▸ Action item:
Write out each line of the records that has "fixpoint" in it.

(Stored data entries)
[Start of Attachment]

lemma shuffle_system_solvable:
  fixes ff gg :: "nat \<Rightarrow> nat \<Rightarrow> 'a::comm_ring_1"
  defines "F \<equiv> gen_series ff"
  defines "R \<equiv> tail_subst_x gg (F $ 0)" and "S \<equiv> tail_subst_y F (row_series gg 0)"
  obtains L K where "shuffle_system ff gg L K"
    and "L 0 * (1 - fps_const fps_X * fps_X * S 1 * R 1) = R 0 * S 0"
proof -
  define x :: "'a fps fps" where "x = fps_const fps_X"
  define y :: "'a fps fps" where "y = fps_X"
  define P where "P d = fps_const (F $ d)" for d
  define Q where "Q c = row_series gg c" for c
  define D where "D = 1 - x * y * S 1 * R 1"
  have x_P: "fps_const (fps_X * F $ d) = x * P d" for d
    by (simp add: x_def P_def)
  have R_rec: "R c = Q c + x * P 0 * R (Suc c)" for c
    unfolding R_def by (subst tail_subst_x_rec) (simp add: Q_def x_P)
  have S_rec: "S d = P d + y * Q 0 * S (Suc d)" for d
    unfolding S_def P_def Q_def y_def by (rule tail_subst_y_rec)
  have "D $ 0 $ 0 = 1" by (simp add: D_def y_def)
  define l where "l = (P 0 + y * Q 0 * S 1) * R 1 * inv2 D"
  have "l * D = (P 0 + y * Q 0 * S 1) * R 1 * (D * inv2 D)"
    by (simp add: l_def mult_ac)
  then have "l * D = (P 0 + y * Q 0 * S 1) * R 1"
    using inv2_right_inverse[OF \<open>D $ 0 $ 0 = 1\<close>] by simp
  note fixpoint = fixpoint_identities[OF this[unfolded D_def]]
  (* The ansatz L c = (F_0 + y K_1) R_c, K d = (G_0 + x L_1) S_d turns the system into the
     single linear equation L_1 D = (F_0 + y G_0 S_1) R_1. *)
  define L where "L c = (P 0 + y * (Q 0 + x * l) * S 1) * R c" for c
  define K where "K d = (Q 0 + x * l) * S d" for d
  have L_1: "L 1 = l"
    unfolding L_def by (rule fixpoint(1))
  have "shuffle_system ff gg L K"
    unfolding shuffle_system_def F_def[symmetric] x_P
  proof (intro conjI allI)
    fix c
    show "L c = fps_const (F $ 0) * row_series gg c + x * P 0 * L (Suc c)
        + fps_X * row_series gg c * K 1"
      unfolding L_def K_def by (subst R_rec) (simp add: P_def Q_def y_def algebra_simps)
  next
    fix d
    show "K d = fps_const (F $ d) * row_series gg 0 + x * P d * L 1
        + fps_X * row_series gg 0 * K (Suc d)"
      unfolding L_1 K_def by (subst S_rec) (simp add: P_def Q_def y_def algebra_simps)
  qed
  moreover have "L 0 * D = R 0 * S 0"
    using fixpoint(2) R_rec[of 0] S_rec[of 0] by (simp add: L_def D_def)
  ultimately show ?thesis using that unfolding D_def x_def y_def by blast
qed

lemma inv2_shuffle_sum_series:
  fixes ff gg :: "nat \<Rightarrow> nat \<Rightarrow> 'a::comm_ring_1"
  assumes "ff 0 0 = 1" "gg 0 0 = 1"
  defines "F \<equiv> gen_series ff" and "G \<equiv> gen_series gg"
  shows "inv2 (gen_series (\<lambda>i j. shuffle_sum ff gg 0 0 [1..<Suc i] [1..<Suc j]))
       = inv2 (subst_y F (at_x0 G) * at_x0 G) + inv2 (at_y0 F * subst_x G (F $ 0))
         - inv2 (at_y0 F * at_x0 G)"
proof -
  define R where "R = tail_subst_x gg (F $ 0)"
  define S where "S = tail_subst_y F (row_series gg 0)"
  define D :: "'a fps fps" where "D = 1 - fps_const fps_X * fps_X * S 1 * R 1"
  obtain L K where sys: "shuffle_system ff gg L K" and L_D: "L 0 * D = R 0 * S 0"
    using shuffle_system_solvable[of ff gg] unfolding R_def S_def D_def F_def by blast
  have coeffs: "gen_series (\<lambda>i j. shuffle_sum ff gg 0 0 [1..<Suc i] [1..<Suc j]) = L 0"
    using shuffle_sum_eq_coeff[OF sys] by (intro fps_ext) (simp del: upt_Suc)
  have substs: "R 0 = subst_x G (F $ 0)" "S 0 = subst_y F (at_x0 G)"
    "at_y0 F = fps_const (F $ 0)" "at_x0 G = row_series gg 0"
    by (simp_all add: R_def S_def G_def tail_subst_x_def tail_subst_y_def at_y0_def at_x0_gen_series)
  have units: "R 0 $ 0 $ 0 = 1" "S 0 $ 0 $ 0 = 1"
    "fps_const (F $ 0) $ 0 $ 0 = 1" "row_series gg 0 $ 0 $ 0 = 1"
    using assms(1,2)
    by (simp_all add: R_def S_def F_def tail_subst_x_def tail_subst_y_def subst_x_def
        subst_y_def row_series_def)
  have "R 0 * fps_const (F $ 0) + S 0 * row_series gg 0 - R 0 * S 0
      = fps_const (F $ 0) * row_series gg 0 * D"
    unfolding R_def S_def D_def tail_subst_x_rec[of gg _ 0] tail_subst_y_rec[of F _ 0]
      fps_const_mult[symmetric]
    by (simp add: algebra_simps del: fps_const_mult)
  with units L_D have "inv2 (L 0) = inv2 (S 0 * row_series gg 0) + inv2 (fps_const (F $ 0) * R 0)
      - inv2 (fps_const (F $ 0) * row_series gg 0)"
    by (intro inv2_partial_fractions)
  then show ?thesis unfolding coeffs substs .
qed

[End of Attachment]

▸ Response for this exercise:
  note fixpoint = fixpoint_identities[OF this[unfolded D_def]]
    unfolding L_def by (rule fixpoint(1))
    using fixpoint(2) R_rec[of 0] S_rec[of 0] by (simp add: L_def D_def)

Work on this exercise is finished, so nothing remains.